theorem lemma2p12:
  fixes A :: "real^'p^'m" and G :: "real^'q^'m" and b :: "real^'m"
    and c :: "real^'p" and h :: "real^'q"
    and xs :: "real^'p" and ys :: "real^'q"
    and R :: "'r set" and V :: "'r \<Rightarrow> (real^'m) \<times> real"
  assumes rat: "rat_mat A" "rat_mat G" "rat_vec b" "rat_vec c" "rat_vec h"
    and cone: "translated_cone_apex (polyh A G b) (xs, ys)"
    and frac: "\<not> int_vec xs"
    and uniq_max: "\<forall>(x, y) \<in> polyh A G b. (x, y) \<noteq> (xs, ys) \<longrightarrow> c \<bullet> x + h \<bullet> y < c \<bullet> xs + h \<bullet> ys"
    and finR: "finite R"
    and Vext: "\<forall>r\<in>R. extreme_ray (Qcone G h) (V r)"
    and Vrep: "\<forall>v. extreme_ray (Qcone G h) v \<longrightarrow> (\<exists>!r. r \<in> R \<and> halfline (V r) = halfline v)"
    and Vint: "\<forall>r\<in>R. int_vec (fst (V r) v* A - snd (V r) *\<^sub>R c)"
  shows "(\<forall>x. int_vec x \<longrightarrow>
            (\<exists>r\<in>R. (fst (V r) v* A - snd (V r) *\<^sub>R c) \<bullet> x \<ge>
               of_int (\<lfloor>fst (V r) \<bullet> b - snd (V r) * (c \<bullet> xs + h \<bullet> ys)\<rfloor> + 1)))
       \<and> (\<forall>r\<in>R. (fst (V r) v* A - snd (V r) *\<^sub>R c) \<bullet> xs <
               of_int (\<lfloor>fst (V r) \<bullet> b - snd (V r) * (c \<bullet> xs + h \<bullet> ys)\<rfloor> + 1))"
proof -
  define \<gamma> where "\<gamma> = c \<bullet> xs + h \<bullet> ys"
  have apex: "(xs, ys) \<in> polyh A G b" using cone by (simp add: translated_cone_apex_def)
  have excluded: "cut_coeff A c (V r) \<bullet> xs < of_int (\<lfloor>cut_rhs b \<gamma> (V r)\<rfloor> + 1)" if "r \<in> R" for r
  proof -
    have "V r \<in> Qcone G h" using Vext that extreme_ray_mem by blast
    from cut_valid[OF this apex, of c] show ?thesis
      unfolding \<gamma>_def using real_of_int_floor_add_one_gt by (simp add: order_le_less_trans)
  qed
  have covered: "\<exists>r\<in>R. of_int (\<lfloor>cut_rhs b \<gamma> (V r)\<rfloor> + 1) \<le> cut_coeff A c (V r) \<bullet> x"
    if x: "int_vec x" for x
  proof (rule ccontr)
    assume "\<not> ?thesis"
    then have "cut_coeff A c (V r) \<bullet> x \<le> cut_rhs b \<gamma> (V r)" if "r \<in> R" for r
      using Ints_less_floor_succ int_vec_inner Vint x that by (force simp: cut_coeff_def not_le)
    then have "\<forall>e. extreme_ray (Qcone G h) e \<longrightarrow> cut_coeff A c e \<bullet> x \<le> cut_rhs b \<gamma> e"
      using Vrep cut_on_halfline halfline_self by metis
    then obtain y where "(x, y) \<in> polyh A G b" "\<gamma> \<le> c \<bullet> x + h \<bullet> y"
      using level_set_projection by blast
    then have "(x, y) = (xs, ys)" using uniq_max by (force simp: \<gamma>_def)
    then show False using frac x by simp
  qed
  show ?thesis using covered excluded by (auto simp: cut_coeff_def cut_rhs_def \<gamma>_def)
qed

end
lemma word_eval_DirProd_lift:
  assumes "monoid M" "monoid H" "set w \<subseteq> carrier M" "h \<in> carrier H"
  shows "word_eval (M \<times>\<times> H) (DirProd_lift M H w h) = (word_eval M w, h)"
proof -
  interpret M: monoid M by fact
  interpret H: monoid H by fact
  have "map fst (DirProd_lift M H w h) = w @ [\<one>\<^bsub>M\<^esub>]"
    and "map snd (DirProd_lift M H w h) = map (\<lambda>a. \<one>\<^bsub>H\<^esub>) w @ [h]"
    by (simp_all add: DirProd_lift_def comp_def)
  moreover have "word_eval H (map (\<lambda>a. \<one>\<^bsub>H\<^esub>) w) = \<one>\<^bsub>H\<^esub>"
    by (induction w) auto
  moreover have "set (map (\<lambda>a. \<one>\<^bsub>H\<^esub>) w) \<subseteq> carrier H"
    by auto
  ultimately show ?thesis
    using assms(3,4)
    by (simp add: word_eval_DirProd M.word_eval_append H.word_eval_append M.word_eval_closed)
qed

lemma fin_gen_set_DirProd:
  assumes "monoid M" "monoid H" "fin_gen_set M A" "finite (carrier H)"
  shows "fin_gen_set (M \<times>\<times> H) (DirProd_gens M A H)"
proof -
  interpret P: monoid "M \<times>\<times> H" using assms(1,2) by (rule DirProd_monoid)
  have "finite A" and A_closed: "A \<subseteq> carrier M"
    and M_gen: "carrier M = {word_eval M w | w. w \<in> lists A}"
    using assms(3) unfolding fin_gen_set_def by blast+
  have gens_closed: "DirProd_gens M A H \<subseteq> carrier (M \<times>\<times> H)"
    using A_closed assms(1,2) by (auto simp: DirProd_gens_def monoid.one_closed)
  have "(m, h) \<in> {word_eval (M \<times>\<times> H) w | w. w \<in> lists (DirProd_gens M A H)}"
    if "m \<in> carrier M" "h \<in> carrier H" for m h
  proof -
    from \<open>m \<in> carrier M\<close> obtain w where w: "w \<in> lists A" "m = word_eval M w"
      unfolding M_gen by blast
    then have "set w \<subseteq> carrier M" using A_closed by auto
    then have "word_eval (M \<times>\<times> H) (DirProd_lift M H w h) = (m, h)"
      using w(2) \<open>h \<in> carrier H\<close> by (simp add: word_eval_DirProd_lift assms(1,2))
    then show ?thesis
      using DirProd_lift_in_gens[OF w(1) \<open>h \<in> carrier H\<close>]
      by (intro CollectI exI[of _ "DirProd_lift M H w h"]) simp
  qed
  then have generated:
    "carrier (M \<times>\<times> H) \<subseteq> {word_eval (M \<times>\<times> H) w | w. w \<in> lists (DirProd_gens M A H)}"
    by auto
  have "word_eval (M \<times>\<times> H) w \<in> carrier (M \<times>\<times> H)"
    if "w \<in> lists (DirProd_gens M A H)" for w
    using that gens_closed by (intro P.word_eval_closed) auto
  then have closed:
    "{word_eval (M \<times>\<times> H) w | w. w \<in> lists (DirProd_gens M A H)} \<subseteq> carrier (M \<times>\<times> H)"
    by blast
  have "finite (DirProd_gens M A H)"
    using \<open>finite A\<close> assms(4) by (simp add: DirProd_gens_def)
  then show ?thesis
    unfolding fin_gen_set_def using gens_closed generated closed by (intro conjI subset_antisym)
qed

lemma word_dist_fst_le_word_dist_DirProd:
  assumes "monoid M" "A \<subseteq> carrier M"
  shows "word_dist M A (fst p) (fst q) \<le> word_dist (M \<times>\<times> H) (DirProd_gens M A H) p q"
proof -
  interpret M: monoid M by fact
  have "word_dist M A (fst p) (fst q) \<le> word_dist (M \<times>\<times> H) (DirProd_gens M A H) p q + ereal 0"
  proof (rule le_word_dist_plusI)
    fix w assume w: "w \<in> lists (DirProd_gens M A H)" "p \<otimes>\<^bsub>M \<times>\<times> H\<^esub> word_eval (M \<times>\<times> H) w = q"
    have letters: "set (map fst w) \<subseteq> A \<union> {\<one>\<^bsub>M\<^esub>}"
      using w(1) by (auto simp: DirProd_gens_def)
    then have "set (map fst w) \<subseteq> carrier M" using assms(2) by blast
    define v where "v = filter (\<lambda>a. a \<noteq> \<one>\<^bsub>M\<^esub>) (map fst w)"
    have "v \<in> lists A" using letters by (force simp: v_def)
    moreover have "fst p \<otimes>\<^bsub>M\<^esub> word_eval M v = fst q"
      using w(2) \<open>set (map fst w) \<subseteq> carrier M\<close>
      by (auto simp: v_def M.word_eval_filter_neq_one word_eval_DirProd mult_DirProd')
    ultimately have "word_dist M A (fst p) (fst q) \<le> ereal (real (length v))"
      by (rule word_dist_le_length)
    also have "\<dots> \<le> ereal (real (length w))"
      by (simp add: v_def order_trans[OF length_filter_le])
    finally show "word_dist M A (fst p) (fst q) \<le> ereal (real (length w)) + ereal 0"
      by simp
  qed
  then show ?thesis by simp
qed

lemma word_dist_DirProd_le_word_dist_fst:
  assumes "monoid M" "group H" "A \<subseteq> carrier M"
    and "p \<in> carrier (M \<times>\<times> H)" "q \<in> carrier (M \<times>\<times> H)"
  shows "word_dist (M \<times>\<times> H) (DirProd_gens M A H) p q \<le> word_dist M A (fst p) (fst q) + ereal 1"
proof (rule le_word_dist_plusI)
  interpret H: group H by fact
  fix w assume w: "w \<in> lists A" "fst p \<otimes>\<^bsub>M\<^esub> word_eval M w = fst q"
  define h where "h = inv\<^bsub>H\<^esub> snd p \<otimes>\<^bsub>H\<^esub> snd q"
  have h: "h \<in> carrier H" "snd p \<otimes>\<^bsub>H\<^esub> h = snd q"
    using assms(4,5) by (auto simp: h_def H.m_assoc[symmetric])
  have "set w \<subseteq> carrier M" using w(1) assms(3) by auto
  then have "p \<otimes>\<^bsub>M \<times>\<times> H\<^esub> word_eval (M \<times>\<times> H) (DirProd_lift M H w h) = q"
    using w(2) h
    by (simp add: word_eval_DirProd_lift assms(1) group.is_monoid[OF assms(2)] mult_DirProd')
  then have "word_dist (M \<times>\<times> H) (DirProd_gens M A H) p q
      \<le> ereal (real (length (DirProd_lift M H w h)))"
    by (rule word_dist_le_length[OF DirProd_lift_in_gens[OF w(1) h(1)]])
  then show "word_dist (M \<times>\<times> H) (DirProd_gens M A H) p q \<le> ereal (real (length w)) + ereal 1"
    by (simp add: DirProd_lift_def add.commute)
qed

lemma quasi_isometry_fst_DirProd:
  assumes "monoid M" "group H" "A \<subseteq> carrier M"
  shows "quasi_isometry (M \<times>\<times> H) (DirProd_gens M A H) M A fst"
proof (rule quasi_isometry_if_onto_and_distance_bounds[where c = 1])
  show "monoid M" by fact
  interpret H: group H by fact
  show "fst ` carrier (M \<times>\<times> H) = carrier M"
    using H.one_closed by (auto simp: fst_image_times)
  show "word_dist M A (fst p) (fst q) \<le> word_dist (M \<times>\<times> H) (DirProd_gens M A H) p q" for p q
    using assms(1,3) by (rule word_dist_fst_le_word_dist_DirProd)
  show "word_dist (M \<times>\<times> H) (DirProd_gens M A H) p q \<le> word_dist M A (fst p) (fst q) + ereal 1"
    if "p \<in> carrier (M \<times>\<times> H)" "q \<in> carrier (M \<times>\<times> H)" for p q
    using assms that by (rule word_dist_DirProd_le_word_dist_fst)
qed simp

---+---

- WHAT IS BEING ASKED
State only how many lines above hold the string "force".

- EXERCISE SOLUTION
3